──────── Records supplied
(* Let $M=\mathrm{Mon}\langle\Sigma\mid R\rangle$ be a finitely presented monoid and $\mathfrak{R}$ a complete rewriting system for $M$. Let $u,v\in\Sigma^*$. If there exists a word $z$ such that $u\sim z$ and $v\sim z$, then $u\equiv_M v$.
   Context: $=_M$ is equality in $M$. A rewriting system is a set of rules $l\to r$ ($l,r\in\Sigma^*$); $plq\to prq$ is one rewriting step; $\mathfrak{R}$ is complete for $M$ if terminating, confluent, and its generated congruence on $\Sigma^*$ is $=_M$. $u\rightsquigarrow v$ means some cyclic conjugate $\tilde u$ of $u$ in $\Sigma^*$ (possibly $u$) satisfies $\tilde u\to v$; $\rightsquigarrow^*$ is its reflexive–transitive closure. For words $u,v$, $u\sim v$ means $u\rightsquigarrow^* v$ and $v\rightsquigarrow^* u$. $u\equiv_M v$ means there exist $x,y\in\Sigma^*$ with $ux=_M xv$ and $yu=_M vy$. *)

theory Defs
  imports Main
begin

text \<open>Words over the alphabet Sig are lists whose letters lie in Sig (the set lists Sig).
  A rewriting system (or a set of defining relations) is a set of pairs of words.\<close>

definition rstep :: "'a set \<Rightarrow> ('a list \<times> 'a list) set \<Rightarrow> ('a list \<times> 'a list) set" where
  "rstep Sig Rw = {(p @ l @ q, p @ r @ q) | p l r q.
      (l, r) \<in> Rw \<and> p \<in> lists Sig \<and> q \<in> lists Sig}"

definition gen_cong :: "'a set \<Rightarrow> ('a list \<times> 'a list) set \<Rightarrow> ('a list \<times> 'a list) set" where
  "gen_cong Sig R = (rstep Sig R \<union> (rstep Sig R)\<inverse>)\<^sup>* \<inter> (lists Sig \<times> lists Sig)"

definition eqM :: "'a set \<Rightarrow> ('a list \<times> 'a list) set \<Rightarrow> 'a list \<Rightarrow> 'a list \<Rightarrow> bool" where
  "eqM Sig R u v \<longleftrightarrow> (u, v) \<in> gen_cong Sig R"

definition terminating :: "'a set \<Rightarrow> ('a list \<times> 'a list) set \<Rightarrow> bool" where
  "terminating Sig Rw \<longleftrightarrow> wf ((rstep Sig Rw)\<inverse>)"

definition confluent :: "'a set \<Rightarrow> ('a list \<times> 'a list) set \<Rightarrow> bool" where
  "confluent Sig Rw \<longleftrightarrow> (\<forall>u v w. (u, v) \<in> (rstep Sig Rw)\<^sup>* \<and> (u, w) \<in> (rstep Sig Rw)\<^sup>*
      \<longrightarrow> (\<exists>x. (v, x) \<in> (rstep Sig Rw)\<^sup>* \<and> (w, x) \<in> (rstep Sig Rw)\<^sup>*))"

definition complete_for :: "'a set \<Rightarrow> ('a list \<times> 'a list) set \<Rightarrow> ('a list \<times> 'a list) set \<Rightarrow> bool" where
  "complete_for Sig R Rw \<longleftrightarrow> terminating Sig Rw \<and> confluent Sig Rw
      \<and> gen_cong Sig Rw = gen_cong Sig R"

definition cstep :: "'a set \<Rightarrow> ('a list \<times> 'a list) set \<Rightarrow> ('a list \<times> 'a list) set" where
  "cstep Sig Rw = {(u, v) | u v a b. u = a @ b \<and> (b @ a, v) \<in> rstep Sig Rw}"

definition csim :: "'a set \<Rightarrow> ('a list \<times> 'a list) set \<Rightarrow> 'a list \<Rightarrow> 'a list \<Rightarrow> bool" where
  "csim Sig Rw u v \<longleftrightarrow> (u, v) \<in> (cstep Sig Rw)\<^sup>* \<and> (v, u) \<in> (cstep Sig Rw)\<^sup>*"

definition conjM :: "'a set \<Rightarrow> ('a list \<times> 'a list) set \<Rightarrow> 'a list \<Rightarrow> 'a list \<Rightarrow> bool" where
  "conjM Sig R u v \<longleftrightarrow> (\<exists>x \<in> lists Sig. \<exists>y \<in> lists Sig.
      eqM Sig R (u @ x) (x @ v) \<and> eqM Sig R (y @ u) (v @ y))"

end

theory Submission
  imports Defs
begin

text \<open>A rewriting step on a cyclic conjugate \<open>ba\<close> of \<open>u = ab\<close> yields a word equal in \<open>M\<close> to
  \<open>ba\<close>, and \<open>ab\<close> and \<open>ba\<close> are conjugate in the required sense, witnessed by
  \<open>(ab)a = a(ba)\<close> and \<open>b(ab) = (ba)b\<close>. Since the rewriting congruence of a complete system is
  \<open>=\<^sub>M\<close>, every \<open>\<rightsquigarrow>\<close>-step is an instance of \<open>\<equiv>\<^sub>M\<close>. Finally \<open>\<equiv>\<^sub>M\<close> is an equivalence
  relation (witnesses concatenate), so \<open>u \<rightsquigarrow>\<^sup>* z\<close> and \<open>v \<rightsquigarrow>\<^sup>* z\<close> already give \<open>u \<equiv>\<^sub>M v\<close>.\<close>

lemma rstep_append_context:
  assumes "(s, t) \<in> rstep Sig R" "p \<in> lists Sig" "q \<in> lists Sig"
  shows "(p @ s @ q, p @ t @ q) \<in> rstep Sig R"
proof -
  from assms(1) obtain p' l r q' where "s = p' @ l @ q'" "t = p' @ r @ q'" "(l, r) \<in> R"
    "p' \<in> lists Sig" "q' \<in> lists Sig" unfolding rstep_def by blast
  then have "p @ s @ q = (p @ p') @ l @ (q' @ q)" "p @ t @ q = (p @ p') @ r @ (q' @ q)"
    "p @ p' \<in> lists Sig" "q' @ q \<in> lists Sig"
    using assms(2,3) by simp_all
  with \<open>(l, r) \<in> R\<close> show ?thesis unfolding rstep_def by blast
qed

lemma rstep_lists:
  assumes "(s, t) \<in> rstep Sig R" "R \<subseteq> lists Sig \<times> lists Sig"
  shows "s \<in> lists Sig" "t \<in> lists Sig"
  using assms unfolding rstep_def by fastforce+

lemma eqM_append_context:
  assumes "eqM Sig R s t" "p \<in> lists Sig" "q \<in> lists Sig"
  shows "eqM Sig R (p @ s @ q) (p @ t @ q)"
proof -
  let ?E = "rstep Sig R \<union> (rstep Sig R)\<inverse>"
  have "(s, t) \<in> ?E\<^sup>*" using assms(1) unfolding eqM_def gen_cong_def by blast
  then have "(p @ s @ q, p @ t @ q) \<in> ?E\<^sup>*"
  proof (induction rule: rtrancl_induct)
    case (step y z)
    then have "(p @ y @ q, p @ z @ q) \<in> ?E"
      using rstep_append_context[OF _ assms(2,3)] by auto
    with step.IH show ?case by (rule rtrancl_into_rtrancl)
  qed simp
  with assms show ?thesis unfolding eqM_def gen_cong_def by auto
qed

lemma eqM_refl: "s \<in> lists Sig \<Longrightarrow> eqM Sig R s s"
  unfolding eqM_def gen_cong_def by auto

lemma eqM_sym: "eqM Sig R s t \<Longrightarrow> eqM Sig R t s"
  unfolding eqM_def gen_cong_def
  using sym_rtrancl[OF sym_Un_converse, of "rstep Sig R"] by (auto dest: symD)

lemma eqM_trans [trans]: "eqM Sig R s t \<Longrightarrow> eqM Sig R t w \<Longrightarrow> eqM Sig R s w"
  unfolding eqM_def gen_cong_def by (auto intro: rtrancl_trans)

lemma eqM_if_rstep:
  assumes "(s, t) \<in> rstep Sig R" "R \<subseteq> lists Sig \<times> lists Sig"
  shows "eqM Sig R s t"
  using assms rstep_lists[OF assms] unfolding eqM_def gen_cong_def by auto

lemma conjM_refl: "s \<in> lists Sig \<Longrightarrow> conjM Sig R s s"
  unfolding conjM_def by (auto intro!: bexI[of _ "[]"] eqM_refl)

lemma conjM_sym: "conjM Sig R s t \<Longrightarrow> conjM Sig R t s"
  unfolding conjM_def by (meson eqM_sym)

lemma conjM_trans:
  assumes "conjM Sig R s t" "conjM Sig R t w"
  shows "conjM Sig R s w"
proof -
  from assms obtain x1 y1 x2 y2 where
    lists: "x1 \<in> lists Sig" "y1 \<in> lists Sig" "x2 \<in> lists Sig" "y2 \<in> lists Sig" and
    st: "eqM Sig R (s @ x1) (x1 @ t)" "eqM Sig R (y1 @ s) (t @ y1)" and
    tw: "eqM Sig R (t @ x2) (x2 @ w)" "eqM Sig R (y2 @ t) (w @ y2)"
    unfolding conjM_def by blast
  have "eqM Sig R (s @ x1 @ x2) (x1 @ t @ x2)"
    using eqM_append_context[OF st(1), of "[]" x2] lists by simp
  also have "eqM Sig R (x1 @ t @ x2) (x1 @ x2 @ w)"
    using eqM_append_context[OF tw(1), of x1 "[]"] lists by simp
  finally have x: "eqM Sig R (s @ x1 @ x2) ((x1 @ x2) @ w)"
    by simp
  have "eqM Sig R (y2 @ y1 @ s) (y2 @ t @ y1)"
    using eqM_append_context[OF st(2), of y2 "[]"] lists by simp
  also have "eqM Sig R (y2 @ t @ y1) (w @ y2 @ y1)"
    using eqM_append_context[OF tw(2), of "[]" y1] lists by simp
  finally have y: "eqM Sig R ((y2 @ y1) @ s) (w @ y2 @ y1)"
    by simp
  have "x1 @ x2 \<in> lists Sig" "y2 @ y1 \<in> lists Sig" using lists by simp_all
  with x y show ?thesis unfolding conjM_def by blast
qed

lemma conjM_if_eqM_rotate:
  assumes "eqM Sig R (b @ a) t" "a \<in> lists Sig" "b \<in> lists Sig"
  shows "conjM Sig R (a @ b) t"
  using eqM_append_context[OF assms(1), of a "[]"] eqM_append_context[OF assms(1), of "[]" b]
    assms(2,3) unfolding conjM_def by auto

lemma conjM_if_cstep:
  assumes "(s, t) \<in> cstep Sig Rw" "s \<in> lists Sig" "Rw \<subseteq> lists Sig \<times> lists Sig"
    and "gen_cong Sig Rw = gen_cong Sig R"
  shows "conjM Sig R s t" "t \<in> lists Sig"
proof -
  from assms(1) obtain a b where ab: "s = a @ b" "(b @ a, t) \<in> rstep Sig Rw"
    unfolding cstep_def by blast
  have "eqM Sig R (b @ a) t"
    using eqM_if_rstep[OF ab(2) assms(3)] assms(4) unfolding eqM_def by simp
  with ab(1) assms(2) show "conjM Sig R s t" by (auto intro: conjM_if_eqM_rotate)
  show "t \<in> lists Sig" using rstep_lists[OF ab(2) assms(3)] by simp
qed

lemma conjM_if_rtrancl_cstep:
  assumes "(s, t) \<in> (cstep Sig Rw)\<^sup>*" "s \<in> lists Sig" "Rw \<subseteq> lists Sig \<times> lists Sig"
    and "gen_cong Sig Rw = gen_cong Sig R"
  shows "conjM Sig R s t"
proof -
  from assms(1) have "conjM Sig R s t \<and> t \<in> lists Sig"
  proof (induction rule: rtrancl_induct)
    case base
    with assms(2) show ?case by (simp add: conjM_refl)
  next
    case (step y z)
    with conjM_if_cstep[OF step(2) _ assms(3,4)] show ?case by (blast intro: conjM_trans)
  qed
  then show ?thesis ..
qed

theorem proposition7p3:
  fixes Sig :: "'a set" and R Rw :: "('a list \<times> 'a list) set" and u v :: "'a list"
  assumes "finite Sig" and "finite R"
    and "R \<subseteq> lists Sig \<times> lists Sig"
    and "Rw \<subseteq> lists Sig \<times> lists Sig"
    and "complete_for Sig R Rw"
    and "u \<in> lists Sig" and "v \<in> lists Sig"
    and "\<exists>z \<in> lists Sig. csim Sig Rw u z \<and> csim Sig Rw v z"
  shows "conjM Sig R u v"
proof -
  have cong: "gen_cong Sig Rw = gen_cong Sig R"
    using assms(5) unfolding complete_for_def by simp
  from assms(8) obtain z where "(u, z) \<in> (cstep Sig Rw)\<^sup>*" "(v, z) \<in> (cstep Sig Rw)\<^sup>*"
    unfolding csim_def by blast
  with assms(4,6,7) cong have "conjM Sig R u z" "conjM Sig R v z"
    by (auto intro: conjM_if_rtrancl_cstep)
  then show ?thesis by (blast intro: conjM_sym conjM_trans)
qed

end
────────────────
To do
Return only the number of lines in the data above that hold the word "thesis".

Written answer
5